Given records:

______________________________

(* Let $\{X_k\}_{k\ge0}$ and $\{Y_k\}_{k\ge0}$ be sequences of vectors in $\mathbb{R}^2$ with non-negative entries, and $\{M_k\}_{k\ge0}$ a sequence of $2\times2$ matrices, satisfying $X_{k+1}\le M_kX_k+Y_k$ (componentwise) for all $k\ge0$. Suppose $\sum_{k=0}^\infty\|Y_k\|<\infty$ and $$M_k=\begin{pmatrix}1&r\\ \alpha_k&\alpha_k\end{pmatrix}$$ for some fixed $r>0$ and non-negative reals $\alpha_k$ with $\sum_{k=0}^\infty\alpha_k<\infty$. Then: (1) the matrices $M_bM_{b-1}\cdots M_a$ are uniformly bounded over $0\le a<b<\infty$; (2) $\{X_k\}_{k\ge0}$ is uniformly bounded. *)

theory Defs
  imports "HOL-Analysis.Analysis"
begin

text \<open>Ordered matrix product: prodM M a b = M b ** M (b-1) ** ... ** M a for a \<le> b
  (and the identity matrix when b < a).\<close>
fun prodM :: "(nat \<Rightarrow> real^2^2) \<Rightarrow> nat \<Rightarrow> nat \<Rightarrow> real^2^2" where
  "prodM M a 0 = (if a = 0 then M 0 else mat 1)"
| "prodM M a (Suc b) = (if a \<le> Suc b then (if a = Suc b then M (Suc b) else M (Suc b) ** prodM M a b) else mat 1)"

definition vle :: "real^2 \<Rightarrow> real^2 \<Rightarrow> bool" where
  "vle x y \<longleftrightarrow> (\<forall>i. x $ i \<le> y $ i)"

end

theory Submission
  imports Defs
begin

text \<open>The weighted sum weight r x = x1 + r x2 is a Lyapunov function: the row vector
  (1, r) satisfies (1, r) M_k = (1, r) + r alpha_k (1, 1).  On the cone of non-negative
  vectors, which every M_k preserves, it is equivalent to the norm and grows by at most the
  factor 1 + max 1 r alpha_k \<le> exp (max 1 r alpha_k) per step.  Summability of alpha
  therefore bounds every product of the M_k applied to a basis vector, and a discrete
  Gronwall inequality, fed with the summable perturbations Y_k, bounds X_k.\<close>

definition weight :: "real \<Rightarrow> real^2 \<Rightarrow> real" where
  "weight r x = x $ 1 + r * x $ 2"

definition mat_M :: "real \<Rightarrow> real \<Rightarrow> real^2^2" where
  "mat_M r a = vector [vector [1, r], vector [a, a]]"

lemma vle_zero_iff: "vle 0 x \<longleftrightarrow> 0 \<le> x $ 1 \<and> 0 \<le> x $ 2"
  by (simp add: vle_def forall_2)

lemma weight_add: "weight r (x + y) = weight r x + weight r y"
  by (simp add: weight_def algebra_simps)

lemma weight_mono: "0 \<le> r \<Longrightarrow> vle x y \<Longrightarrow> weight r x \<le> weight r y"
  unfolding weight_def vle_def by (intro add_mono mult_left_mono) auto

lemma weight_nonneg: "0 \<le> r \<Longrightarrow> vle 0 x \<Longrightarrow> 0 \<le> weight r x"
  using weight_mono[of r 0 x] by (simp add: weight_def)

lemma weight_le_norm: "0 \<le> r \<Longrightarrow> weight r x \<le> (1 + r) * norm x"
proof -
  assume "0 \<le> r"
  have "x $ 1 \<le> norm x" "x $ 2 \<le> norm x"
    using component_le_norm_cart[of x] by (metis abs_ge_self order_trans)+
  moreover have "r * x $ 2 \<le> r * norm x"
    using \<open>x $ 2 \<le> norm x\<close> \<open>0 \<le> r\<close> by (rule mult_left_mono)
  ultimately show ?thesis by (simp add: weight_def algebra_simps)
qed

lemma entry_sum_le_weight:
  assumes "0 < r" "vle 0 x"
  shows "x $ 1 + x $ 2 \<le> (1 + 1 / r) * weight r x"
proof -
  have "x $ 2 = (r * x $ 2) / r" using \<open>0 < r\<close> by simp
  also have "\<dots> \<le> weight r x / r"
    using assms by (intro divide_right_mono) (auto simp: weight_def vle_zero_iff)
  finally show ?thesis
    using assms by (simp add: weight_def vle_zero_iff algebra_simps)
qed

lemma norm_le_weight:
  assumes "0 < r" "vle 0 x"
  shows "norm x \<le> (1 + 1 / r) * weight r x"
proof -
  have "norm x \<le> \<bar>x $ 1\<bar> + \<bar>x $ 2\<bar>"
    using norm_le_l1_cart[of x] by (simp add: sum_2)
  also have "\<dots> = x $ 1 + x $ 2" using \<open>vle 0 x\<close> by (simp add: vle_zero_iff)
  finally show ?thesis using entry_sum_le_weight[OF assms] by linarith
qed

lemma weight_axis_le: "weight r (axis j 1) \<le> max 1 r"
  using exhaust_2[of j] by (auto simp: weight_def axis_def)

lemma mat_M_mult_vec:
  "mat_M r a *v x = vector [x $ 1 + r * x $ 2, a * x $ 1 + a * x $ 2]"
  by (simp add: mat_M_def matrix_vector_mult_def sum_2 vec_eq_iff forall_2)

lemma mat_M_cone:
  "0 \<le> r \<Longrightarrow> 0 \<le> a \<Longrightarrow> vle 0 x \<Longrightarrow> vle 0 (mat_M r a *v x)"
  by (simp add: mat_M_mult_vec vle_zero_iff)

lemma weight_mat_M_le:
  assumes "0 \<le> r" "0 \<le> a" "vle 0 x"
  shows "weight r (mat_M r a *v x) \<le> (1 + max 1 r * a) * weight r x"
proof -
  have "weight r (mat_M r a *v x) = weight r x + a * (r * (x $ 1 + x $ 2))"
    by (simp add: weight_def mat_M_mult_vec algebra_simps)
  also have "r * (x $ 1 + x $ 2) \<le> max 1 r * weight r x"
  proof -
    have "r * x $ 1 \<le> max 1 r * x $ 1"
      using assms by (auto simp: vle_zero_iff intro!: mult_right_mono)
    moreover have "r * x $ 2 \<le> max 1 r * (r * x $ 2)"
      using mult_right_mono[of 1 "max 1 r" "r * x $ 2"] assms by (simp add: vle_zero_iff)
    ultimately show ?thesis by (simp add: weight_def distrib_left)
  qed
  then have "a * (r * (x $ 1 + x $ 2)) \<le> a * (max 1 r * weight r x)"
    using \<open>0 \<le> a\<close> by (rule mult_left_mono)
  finally show ?thesis by (simp add: algebra_simps)
qed

lemma prodM_self: "prodM M a a = M a"
  by (cases a) simp_all

lemma prodM_Suc: "a \<le> b \<Longrightarrow> prodM M a (Suc b) = M (Suc b) ** prodM M a b"
  by simp

lemma prodM_mult_vec_mem:
  assumes "\<And>k x. x \<in> K \<Longrightarrow> M k *v x \<in> K" "a \<le> b" "x \<in> K"
  shows "prodM M a b *v x \<in> K"
  using \<open>a \<le> b\<close>
proof (induction b rule: dec_induct)
  case base
  then show ?case using assms by (simp add: prodM_self)
next
  case (step b)
  then show ?case using assms by (simp add: prodM_Suc matrix_vector_mul_assoc[symmetric])
qed

lemma prodM_mult_vec_le_exp:
  fixes V :: "real^2 \<Rightarrow> real"
  assumes cone: "\<And>k x. x \<in> K \<Longrightarrow> M k *v x \<in> K"
    and growth: "\<And>k x. x \<in> K \<Longrightarrow> V (M k *v x) \<le> (1 + c k) * V x"
    and V_nonneg: "\<And>x. x \<in> K \<Longrightarrow> 0 \<le> V x"
    and c_nonneg: "\<And>k. 0 \<le> c k"
    and "a \<le> b" "x \<in> K"
  shows "V (prodM M a b *v x) \<le> exp (\<Sum>k=a..b. c k) * V x"
  using \<open>a \<le> b\<close>
proof (induction b rule: dec_induct)
  case base
  have "V (M a *v x) \<le> (1 + c a) * V x" using growth \<open>x \<in> K\<close> .
  also have "\<dots> \<le> exp (c a) * V x"
    using V_nonneg \<open>x \<in> K\<close> by (intro mult_right_mono) auto
  finally show ?case by (simp add: prodM_self)
next
  case (step b)
  define y where "y = prodM M a b *v x"
  have "y \<in> K" using prodM_mult_vec_mem[OF cone step.hyps(1) \<open>x \<in> K\<close>] by (simp add: y_def)
  have "V (M (Suc b) *v y) \<le> (1 + c (Suc b)) * V y" using growth \<open>y \<in> K\<close> .
  also have "\<dots> \<le> exp (c (Suc b)) * (exp (\<Sum>k=a..b. c k) * V x)"
    using step.IH c_nonneg V_nonneg \<open>y \<in> K\<close>
    by (intro mult_mono) (auto simp: y_def)
  also have "\<dots> = exp (\<Sum>k=a..Suc b. c k) * V x"
    using step.hyps by (simp add: exp_add)
  finally show ?case
    using step.hyps by (simp add: y_def prodM_Suc matrix_vector_mul_assoc[symmetric])
qed

lemma discrete_gronwall:
  fixes u c d :: "nat \<Rightarrow> real"
  assumes rec: "\<And>k. u (Suc k) \<le> (1 + c k) * u k + d k"
    and c_nonneg: "\<And>k. 0 \<le> c k" and d_nonneg: "\<And>k. 0 \<le> d k" and "0 \<le> u 0"
  shows "u n \<le> exp (\<Sum>k<n. c k) * (u 0 + (\<Sum>k<n. d k))"
proof (induction n)
  case 0
  then show ?case by simp
next
  case (Suc n)
  define E where "E = exp (\<Sum>k<n. c k)"
  define R where "R = u 0 + (\<Sum>k<n. d k)"
  have "0 \<le> R" using \<open>0 \<le> u 0\<close> d_nonneg by (simp add: R_def sum_nonneg)
  have "1 \<le> exp (c n) * E"
    using c_nonneg by (simp add: E_def sum_nonneg flip: exp_add)
  have "(1 + c n) * u n \<le> (1 + c n) * (E * R)"
    using Suc.IH c_nonneg[of n] unfolding E_def R_def by (intro mult_left_mono) auto
  then have "u (Suc n) \<le> (1 + c n) * (E * R) + d n"
    using rec[of n] by linarith
  also have "\<dots> \<le> exp (c n) * E * R + exp (c n) * E * d n"
  proof (rule add_mono)
    show "(1 + c n) * (E * R) \<le> exp (c n) * E * R"
      using mult_right_mono[OF exp_ge_add_one_self[of "c n"], of "E * R"] \<open>0 \<le> R\<close>
      by (simp add: E_def mult.assoc)
    show "d n \<le> exp (c n) * E * d n"
      using mult_right_mono[OF \<open>1 \<le> exp (c n) * E\<close> d_nonneg[of n]] by simp
  qed
  also have "\<dots> = exp (\<Sum>k<Suc n. c k) * (u 0 + (\<Sum>k<Suc n. d k))"
    by (simp add: E_def R_def exp_add algebra_simps)
  finally show ?case .
qed

lemma norm_matrix_le_sum_abs:
  fixes A :: "real^'n^'m"
  shows "norm A \<le> (\<Sum>j\<in>UNIV. \<Sum>i\<in>UNIV. \<bar>A $ i $ j\<bar>)"
proof -
  have "norm A \<le> (\<Sum>i\<in>UNIV. norm (A $ i))"
    unfolding norm_vec_def by (rule L2_set_le_sum) simp
  also have "\<dots> \<le> (\<Sum>i\<in>UNIV. \<Sum>j\<in>UNIV. \<bar>A $ i $ j\<bar>)"
    by (intro sum_mono norm_le_l1_cart)
  also have "\<dots> = (\<Sum>j\<in>UNIV. \<Sum>i\<in>UNIV. \<bar>A $ i $ j\<bar>)" by (rule sum.swap)
  finally show ?thesis .
qed

context
  fixes M :: "nat \<Rightarrow> real^2^2" and c :: "nat \<Rightarrow> real" and r :: real
  assumes r_pos: "0 < r"
    and cone: "\<And>k x. vle 0 x \<Longrightarrow> vle 0 (M k *v x)"
    and growth: "\<And>k x. vle 0 x \<Longrightarrow> weight r (M k *v x) \<le> (1 + c k) * weight r x"
    and c_nonneg: "\<And>k. 0 \<le> c k"
    and c_summable: "summable c"
begin

lemma prodM_bounded: "\<exists>C. \<forall>a b. a \<le> b \<longrightarrow> norm (prodM M a b) \<le> C"
proof (intro exI allI impI)
  fix a b :: nat
  assume "a \<le> b"
  define A where "A = prodM M a b"
  define B where "B = (1 + 1 / r) * (exp (suminf c) * max 1 r)"
  have column_bound: "(\<Sum>i\<in>UNIV. \<bar>A $ i $ j\<bar>) \<le> B" for j
  proof -
    define y where "y = A *v axis j 1"
    have y_entry: "y $ i = A $ i $ j" for i
      by (simp add: y_def matrix_vector_mult_basis column_def)
    have "vle 0 (axis j (1::real))" by (simp add: vle_def axis_def)
    then have "vle 0 y"
      using prodM_mult_vec_mem[where K="{x. vle 0 x}"] cone \<open>a \<le> b\<close> by (simp add: y_def A_def)
    have "weight r y \<le> exp (\<Sum>k=a..b. c k) * weight r (axis j 1)"
      unfolding y_def A_def
      using prodM_mult_vec_le_exp[where K="{x. vle 0 x}" and V="weight r"] \<open>vle 0 (axis j 1)\<close>
        cone growth weight_nonneg r_pos c_nonneg \<open>a \<le> b\<close> by simp
    also have "\<dots> \<le> exp (suminf c) * max 1 r"
      using sum_le_suminf[OF c_summable, of "{a..b}"] c_nonneg weight_axis_le[of r j]
        weight_nonneg[of r "axis j 1"] r_pos \<open>vle 0 (axis j 1)\<close>
      by (intro mult_mono) auto
    finally have "weight r y \<le> exp (suminf c) * max 1 r" .
    then have "(1 + 1 / r) * weight r y \<le> B"
      using r_pos unfolding B_def by (intro mult_left_mono) auto
    then have "y $ 1 + y $ 2 \<le> B"
      using entry_sum_le_weight[OF r_pos \<open>vle 0 y\<close>] by linarith
    then show ?thesis using \<open>vle 0 y\<close> by (simp add: sum_2 y_entry vle_zero_iff)
  qed
  have "norm A \<le> (\<Sum>j\<in>UNIV. \<Sum>i\<in>UNIV. \<bar>A $ i $ j\<bar>)" by (rule norm_matrix_le_sum_abs)
  also have "\<dots> \<le> 2 * B" using column_bound[of 1] column_bound[of 2] by (simp add: sum_2)
  finally show "norm (prodM M a b) \<le> 2 * B" by (simp add: A_def)
qed

lemma perturbed_recursion_bounded:
  fixes X Y :: "nat \<Rightarrow> real^2"
  assumes X_nonneg: "\<And>k. vle 0 (X k)" and Y_nonneg: "\<And>k. vle 0 (Y k)"
    and rec: "\<And>k. vle (X (Suc k)) (M k *v X k + Y k)"
    and Y_summable: "summable (\<lambda>k. norm (Y k))"
  shows "\<exists>C. \<forall>k. norm (X k) \<le> C"
proof (intro exI allI)
  fix n
  define u where "u k = weight r (X k)" for k
  define S where "S = suminf (\<lambda>k. norm (Y k))"
  have u_step: "u (Suc k) \<le> (1 + c k) * u k + weight r (Y k)" for k
  proof -
    have "u (Suc k) \<le> weight r (M k *v X k + Y k)"
      unfolding u_def using r_pos rec[of k] by (intro weight_mono) auto
    also have "\<dots> = weight r (M k *v X k) + weight r (Y k)" by (rule weight_add)
    also have "\<dots> \<le> (1 + c k) * u k + weight r (Y k)"
      unfolding u_def using growth[OF X_nonneg] by (rule add_right_mono)
    finally show ?thesis .
  qed
  have Y_weight_nonneg: "0 \<le> weight r (Y k)" for k
    using r_pos Y_nonneg by (simp add: weight_nonneg)
  have u0_nonneg: "0 \<le> u 0"
    using r_pos X_nonneg by (simp add: u_def weight_nonneg)
  have "u n \<le> exp (\<Sum>k<n. c k) * (u 0 + (\<Sum>k<n. weight r (Y k)))"
    using discrete_gronwall[where u = u and c = c and d = "\<lambda>k. weight r (Y k)"]
      u_step c_nonneg Y_weight_nonneg u0_nonneg by blast
  also have "\<dots> \<le> exp (suminf c) * (u 0 + (1 + r) * S)"
  proof -
    have exp_bound: "exp (\<Sum>k<n. c k) \<le> exp (suminf c)"
      using sum_le_suminf[OF c_summable, of "{..<n}"] c_nonneg by simp
    have "(\<Sum>k<n. weight r (Y k)) \<le> (\<Sum>k<n. (1 + r) * norm (Y k))"
      using weight_le_norm r_pos by (intro sum_mono) simp
    also have "\<dots> \<le> (1 + r) * S"
      using sum_le_suminf[OF Y_summable, of "{..<n}"] r_pos
      by (simp add: S_def sum_distrib_left[symmetric])
    finally have "u 0 + (\<Sum>k<n. weight r (Y k)) \<le> u 0 + (1 + r) * S" by simp
    moreover have "0 \<le> u 0 + (\<Sum>k<n. weight r (Y k))"
      using u0_nonneg Y_weight_nonneg by (simp add: sum_nonneg)
    ultimately show ?thesis by (rule mult_mono[OF exp_bound _ exp_ge_zero])
  qed
  finally have "u n \<le> exp (suminf c) * (u 0 + (1 + r) * S)" .
  then have "(1 + 1 / r) * u n \<le> (1 + 1 / r) * (exp (suminf c) * (u 0 + (1 + r) * S))"
    using r_pos by (intro mult_left_mono) auto
  then show "norm (X n) \<le> (1 + 1 / r) * (exp (suminf c) * (u 0 + (1 + r) * S))"
    using norm_le_weight[OF r_pos X_nonneg, of n] unfolding u_def by linarith
qed

end

theorem proposition3p2:
  fixes X Y :: "nat \<Rightarrow> real^2" and M :: "nat \<Rightarrow> real^2^2"
    and \<alpha> :: "nat \<Rightarrow> real" and r :: real
  assumes X_nonneg: "\<And>k i. X k $ i \<ge> 0"
    and Y_nonneg: "\<And>k i. Y k $ i \<ge> 0"
    and rec: "\<And>k. vle (X (Suc k)) (M k *v X k + Y k)"
    and Y_sum: "summable (\<lambda>k. norm (Y k))"
    and r_pos: "r > 0"
    and alpha_nonneg: "\<And>k. \<alpha> k \<ge> 0"
    and alpha_sum: "summable \<alpha>"
    and M_def: "\<And>k. M k = vector [vector [1, r], vector [\<alpha> k, \<alpha> k]]"
  shows "(\<exists>C. \<forall>a b. a < b \<longrightarrow> norm (prodM M a b) \<le> C)
       \<and> (\<exists>C. \<forall>k. norm (X k) \<le> C)"
proof -
  define c where "c = (\<lambda>k. max 1 r * \<alpha> k)"
  have M_eq: "M k = mat_M r (\<alpha> k)" for k by (simp add: M_def mat_M_def)
  have cone: "vle 0 (M k *v x)" if "vle 0 x" for k x
    using mat_M_cone r_pos alpha_nonneg that by (simp add: M_eq)
  have growth: "weight r (M k *v x) \<le> (1 + c k) * weight r x" if "vle 0 x" for k x
    using weight_mat_M_le r_pos alpha_nonneg that by (simp add: M_eq c_def)
  have c_nonneg: "0 \<le> c k" for k using alpha_nonneg by (simp add: c_def)
  have c_summable: "summable c" unfolding c_def using alpha_sum by (rule summable_mult)
  note bounds = prodM_bounded[OF r_pos cone growth c_nonneg c_summable]
    perturbed_recursion_bounded[OF r_pos cone growth c_nonneg c_summable]
  have "\<exists>C. \<forall>k. norm (X k) \<le> C"
    using X_nonneg Y_nonneg rec Y_sum by (intro bounds(2)) (auto simp: vle_def)
  moreover obtain C where "\<And>a b. a \<le> b \<Longrightarrow> norm (prodM M a b) \<le> C"
    using bounds(1) by blast
  ultimately show ?thesis by (blast intro: less_imp_le)
qed

end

______________________________

An exact copy of the lines above, from the one containing "define S where" down to the one containing "unfolding u_def using r_pos" and including both, is the whole answer; retype it and nothing else.

  define S where "S = suminf (\<lambda>k. norm (Y k))"
  have u_step: "u (Suc k) \<le> (1 + c k) * u k + weight r (Y k)" for k
  proof -
    have "u (Suc k) \<le> weight r (M k *v X k + Y k)"
      unfolding u_def using r_pos rec[of k] by (intro weight_mono) auto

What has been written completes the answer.